Basal Ganglia Mineralization in Alzheimer’s Disease: A Comparative Study of Clinical, Neuroradiological and Neuropathological Findings

H. Förstl,1,2 A. Burns,1 N. Cairns,2 P. Luthert,2 and R. Levy1

1Section of Old Age Psychiatry, Institute of Psychiatry, De Crespigny Park, Denmark Hill, London, UK
2Department of Neuropathology, Institute of Psychiatry, De Crespigny Park, Denmark Hill, London, UK

Copyright © 1992 Hindawi Publishing Corporation. This is an open access article distributed under the Creative Commons Attribution License, which permits unrestricted use, distribution, and reproduction in any medium, provided the original work is properly cited.

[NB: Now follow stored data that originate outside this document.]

lemma mvec_acts_on_block:
  assumes "acts_on n Q V" "Q \<subseteq> {..<n}" "a \<in> Pow Q" "b \<in> Pow ({..<n} - Q)"
  shows "mvec n V p (a \<union> b) = (\<Sum>r\<in>Pow Q. V a r * p (r \<union> b))"
proof -
  have "mvec n V p (a \<union> b) = (\<Sum>r\<in>Pow Q. \<Sum>b'\<in>Pow ({..<n} - Q). V (a \<union> b) (r \<union> b') * p (r \<union> b'))"
    unfolding mvec_def using assms(2) by (rule sum_Pow_split[OF finite_lessThan])
  also have "\<dots> = (\<Sum>r\<in>Pow Q. V a r * p (r \<union> b))"
  proof (rule sum.cong[OF refl])
    fix r assume r: "r \<in> Pow Q"
    have "(\<Sum>b'\<in>Pow ({..<n} - Q). V (a \<union> b) (r \<union> b') * p (r \<union> b')) = V (a \<union> b) (r \<union> b) * p (r \<union> b)"
      using acts_on_block_entry[OF assms(1,2,3) r assms(4)] assms(4) by (intro sum_eq_single) auto
    then show "(\<Sum>b'\<in>Pow ({..<n} - Q). V (a \<union> b) (r \<union> b') * p (r \<union> b')) = V a r * p (r \<union> b)"
      using acts_on_block_entry[OF assms(1,2,3) r assms(4,4)] by simp
  qed
  finally show ?thesis .
qed

lemma unitary_acts_on_block:
  assumes "unitary n V" "acts_on n Q V" "Q \<subseteq> {..<n}" "r \<in> Pow Q" "r' \<in> Pow Q"
  shows "(\<Sum>a\<in>Pow Q. cnj (V a r) * V a r') = idm r r'"
proof -
  have V: "V (a \<union> b) t = (if b = {} then V a t else 0)"
    if "a \<in> Pow Q" "b \<in> Pow ({..<n} - Q)" "t \<in> Pow Q" for a b t
    using acts_on_block_entry[OF assms(2,3) that(1,3,2), of "{}"] by (simp add: eq_commute)
  have "idm r r' = (\<Sum>R\<in>Pow {..<n}. cnj (V R r) * V R r')"
    using assms(1,3-5) unfolding unitary_def mat_eq_def mmult_def adj_def by auto
  also have "\<dots> = (\<Sum>a\<in>Pow Q. \<Sum>b\<in>Pow ({..<n} - Q). cnj (V (a \<union> b) r) * V (a \<union> b) r')"
    by (rule sum_Pow_split[OF finite_lessThan assms(3)])
  also have "\<dots> = (\<Sum>a\<in>Pow Q. cnj (V (a \<union> {}) r) * V (a \<union> {}) r')"
    using V assms(4,5) by (intro sum.cong refl sum_eq_single) auto
  finally show ?thesis
    by simp
qed

section \<open>The circuit\<close>

fun gate_seq :: "nat \<Rightarrow> (nat \<Rightarrow> qmat) \<Rightarrow> nat \<Rightarrow> nat \<Rightarrow> qmat" where
  "gate_seq n u s 0 = idm"
| "gate_seq n u s (Suc k) = mmult n (u (s + k)) (gate_seq n u s k)"

lemma Uprod_eq_gate_seq: "Uprod n u t = gate_seq n u 0 t"
  by (induction t) auto

lemma gate_seq_add:
  "mat_eq n (gate_seq n u s (k + l)) (mmult n (gate_seq n u (s + k) l) (gate_seq n u s k))"
proof (induction l)
  case 0
  then show ?case
    using mat_eq_sym[OF mmult_idm_left] by simp
next
  case (Suc l)
  have "mat_eq n (gate_seq n u s (k + Suc l)) (mmult n (u (s + k + l)) (mmult n (gate_seq n u (s + k) l) (gate_seq n u s k)))"
    using Suc.IH by (simp add: add.assoc mmult_cong)
  then show ?case
    by (simp add: mmult_assoc)
qed

definition Ulist :: "nat \<Rightarrow> (nat \<Rightarrow> qmat) \<Rightarrow> nat list \<Rightarrow> qmat" where
  "Ulist n u ts = foldr (\<lambda>t M. mmult n (Uprod n u t) M) ts idm"

lemma Ulist_Nil [simp]: "Ulist n u [] = idm"
  by (simp add: Ulist_def)

lemma Ulist_Cons [simp]: "Ulist n u (t # ts) = mmult n (Uprod n u t) (Ulist n u ts)"
  by (simp add: Ulist_def)

lemma Ulist_append: "mat_eq n (Ulist n u (xs @ ys)) (mmult n (Ulist n u xs) (Ulist n u ys))"
proof (induction xs)
  case Nil
  then show ?case
    using mat_eq_sym[OF mmult_idm_left] by simp
next
  case (Cons x xs)
  then show ?case
    by (simp add: mmult_cong mmult_assoc)
qed
(* Let $X,Y$ be Scott domains quantified, respectively, by partial metrics $p_X,p_Y$. Then the cartesian product $X\times Y$ (with the componentwise order) is quantified by the partial metric $p_{X\times Y}:=\frac12(p_X+p_Y)$, i.e. $p_{X\times Y}(\langle x,y\rangle,\langle x',y'\rangle)=\frac12\big(p_X(x,x')+p_Y(y,y')\big)$.
   Context: A partial metric (PM) on $X$ is $p:X\times X\to[0,+\infty]$ with $p(x,x)\leq p(x,y)$; $p(x,x)=p(x,y)=p(y,y)\Rightarrow x=y$; $p(x,y)=p(y,x)$; $p(x,y)\leq p(x,z)+p(z,y)-p(z,z)$. Open balls $B^p_\epsilon(x)=\{y\mid p(y,x)<p(x,x)+\epsilon\}$, and $\mathcal O_p(X)$ is the topology of unions of open balls. In a dcpo, $x\ll y$ iff every directed $\Delta$ with $y\leq\bigvee\Delta$ contains some $d\geq x$; a basis is a $B\subseteq X$ with $\{b\in B\mid b\ll x\}$ directed with join $x$ for every $x$; an element $x$ is compact if $x\ll x$. A domain is a dcpo with a countable basis; it is bounded complete if every finite subset having an upper bound has a join; it is algebraic if it has a basis of compact elements. A Scott domain is a bounded complete algebraic domain. The Scott topology $\mathcal O_\sigma(X)$ consists of upper sets $U$ with $x\in U\Rightarrow\exists y\ll x,\ y\in U$. A dcpo $X$ is quantified by $p$ if $\mathcal O_\sigma(X)=\mathcal O_p(X)$. *)

theory Defs
  imports Main "HOL-Library.Extended_Nonnegative_Real" "HOL-Library.Product_Order"
    "HOL-Library.Countable_Set"
begin

definition is_lub :: "'a::order set \<Rightarrow> 'a \<Rightarrow> bool" where
  "is_lub D s \<longleftrightarrow> (\<forall>d\<in>D. d \<le> s) \<and> (\<forall>u. (\<forall>d\<in>D. d \<le> u) \<longrightarrow> s \<le> u)"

Fifty patients from a longitudinal study on 178 cases of Alzheimer's disease were examined at postmortem. The clinical features, CT-scans and neuropathological findings of five patients, with verified Alzheimer's disease, who had bilateral basal ganglia mineralization (BGM; 2 male, 3 female; age 78–91 years) were compared with the data of five age- and sex-matched Alzheimer patients without BGM and of five control subjects. Persecutory and other delusions (4 patients), persistent depression (2), parkinsonism (4), myoclonus (1) and epileptic seizures (1) were observed more frequently in the patients with BGM than was expected. The BGM-group had significantly lower counts of large neurons in the pallidum internum than the demented patients without BGM or the control group. We did not find other differences between the dementia groups regarding the CT-scans, or plaque, tangle and neuron counts in neocortex and brainstem. We suggest that the combined effects of Alzheimer pathology and BGM might lead to an increased manifestation of psychotic and motor disturbances.